Print the following entries without any change.
============
lemma b2_measure_mu_of:
  assumes lf: "loc_finite (supp2 g)"
  shows "b2_measure (mu_of g)"
  unfolding b2_measure_def
proof (intro allI impI conjI)
  fix S :: "nat \<Rightarrow> 'a set"
  assume S: "(\<forall>i. bounded (S i)) \<and> disjoint_family S \<and> bounded (\<Union>i. S i)"
  let ?H = "supp2 g"
  define I where "I = {i. S i \<inter> ?H \<noteq> {}}"
  have pieces: "(\<Union>i. S i) \<inter> ?H = (\<Union>i\<in>I. S i \<inter> ?H)"
    by (auto simp: I_def)
  have disjoint: "disjoint_family_on (\<lambda>i. S i \<inter> ?H) I"
    using S by (auto simp: disjoint_family_on_def)
  have "finite I"
  proof (rule ccontr)
    assume "infinite I"
    then have "infinite (\<Union>i\<in>I. S i \<inter> ?H)"
      by (rule infinite_disjoint_family_imp_infinite_UNION[OF _ _ disjoint]) (simp add: I_def)
    moreover have "finite ((\<Union>i. S i) \<inter> ?H)"
      using lf S unfolding loc_finite_def by blast
    ultimately show False
      unfolding pieces by simp
  qed
  have odd_pieces: "{i. mu_of g (S i)} = {i\<in>I. odd (card (S i \<inter> ?H))}"
    by (auto simp: mu_of_def par_def I_def)
  then show "finite {i. mu_of g (S i)}"
    using \<open>finite I\<close> by simp
  have "card (\<Union>i\<in>I. S i \<inter> ?H) = (\<Sum>i\<in>I. card (S i \<inter> ?H))"
  proof (rule card_UN_disjoint[OF \<open>finite I\<close>])
    show "\<forall>i\<in>I. finite (S i \<inter> ?H)"
      using lf S by (simp add: loc_finite_def)
    show "\<forall>i\<in>I. \<forall>j\<in>I. i \<noteq> j \<longrightarrow> S i \<inter> ?H \<inter> (S j \<inter> ?H) = {}"
      using disjoint unfolding disjoint_family_on_def .
  qed
  then show "mu_of g (\<Union>i. S i) = par (card {i. mu_of g (S i)})"
    using even_sum_iff[OF \<open>finite I\<close>, of "\<lambda>i. card (S i \<inter> ?H)"]
    unfolding odd_pieces by (simp add: mu_of_def par_def pieces)
qed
============
Answer to this exercise –
lemma b2_measure_mu_of:
  assumes lf: "loc_finite (supp2 g)"
  shows "b2_measure (mu_of g)"
  unfolding b2_measure_def
proof (intro allI impI conjI)
  fix S :: "nat \<Rightarrow> 'a set"
  assume S: "(\<forall>i. bounded (S i)) \<and> disjoint_family S \<and> bounded (\<Union>i. S i)"
  let ?H = "supp2 g"
  define I where "I = {i. S i \<inter> ?H \<noteq> {}}"
  have pieces: "(\<Union>i. S i) \<inter> ?H = (\<Union>i\<in>I. S i \<inter> ?H)"
    by (auto simp: I_def)
  have disjoint: "disjoint_family_on (\<lambda>i. S i \<inter> ?H) I"
    using S by (auto simp: disjoint_family_on_def)
  have "finite I"
  proof (rule ccontr)
    assume "infinite I"
    then have "infinite (\<Union>i\<in>I. S i \<inter> ?H)"
      by (rule infinite_disjoint_family_imp_infinite_UNION[OF _ _ disjoint]) (simp add: I_def)
    moreover have "finite ((\<Union>i. S i) \<inter> ?H)"
      using lf S unfolding loc_finite_def by blast
    ultimately show False
      unfolding pieces by simp
  qed
  have odd_pieces: "{i. mu_of g (S i)} = {i\<in>I. odd (card (S i \<inter> ?H))}"
    by (auto simp: mu_of_def par_def I_def)
  then show "finite {i. mu_of g (S i)}"
    using \<open>finite I\<close> by simp
  have "card (\<Union>i\<in>I. S i \<inter> ?H) = (\<Sum>i\<in>I. card (S i \<inter> ?H))"
  proof (rule card_UN_disjoint[OF \<open>finite I\<close>])
    show "\<forall>i\<in>I. finite (S i \<inter> ?H)"
      using lf S by (simp add: loc_finite_def)
    show "\<forall>i\<in>I. \<forall>j\<in>I. i \<noteq> j \<longrightarrow> S i \<inter> ?H \<inter> (S j \<inter> ?H) = {}"
      using disjoint unfolding disjoint_family_on_def .
  qed
  then show "mu_of g (\<Union>i. S i) = par (card {i. mu_of g (S i)})"
    using even_sum_iff[OF \<open>finite I\<close>, of "\<lambda>i. card (S i \<inter> ?H)"]
    unfolding odd_pieces by (simp add: mu_of_def par_def pieces)
qed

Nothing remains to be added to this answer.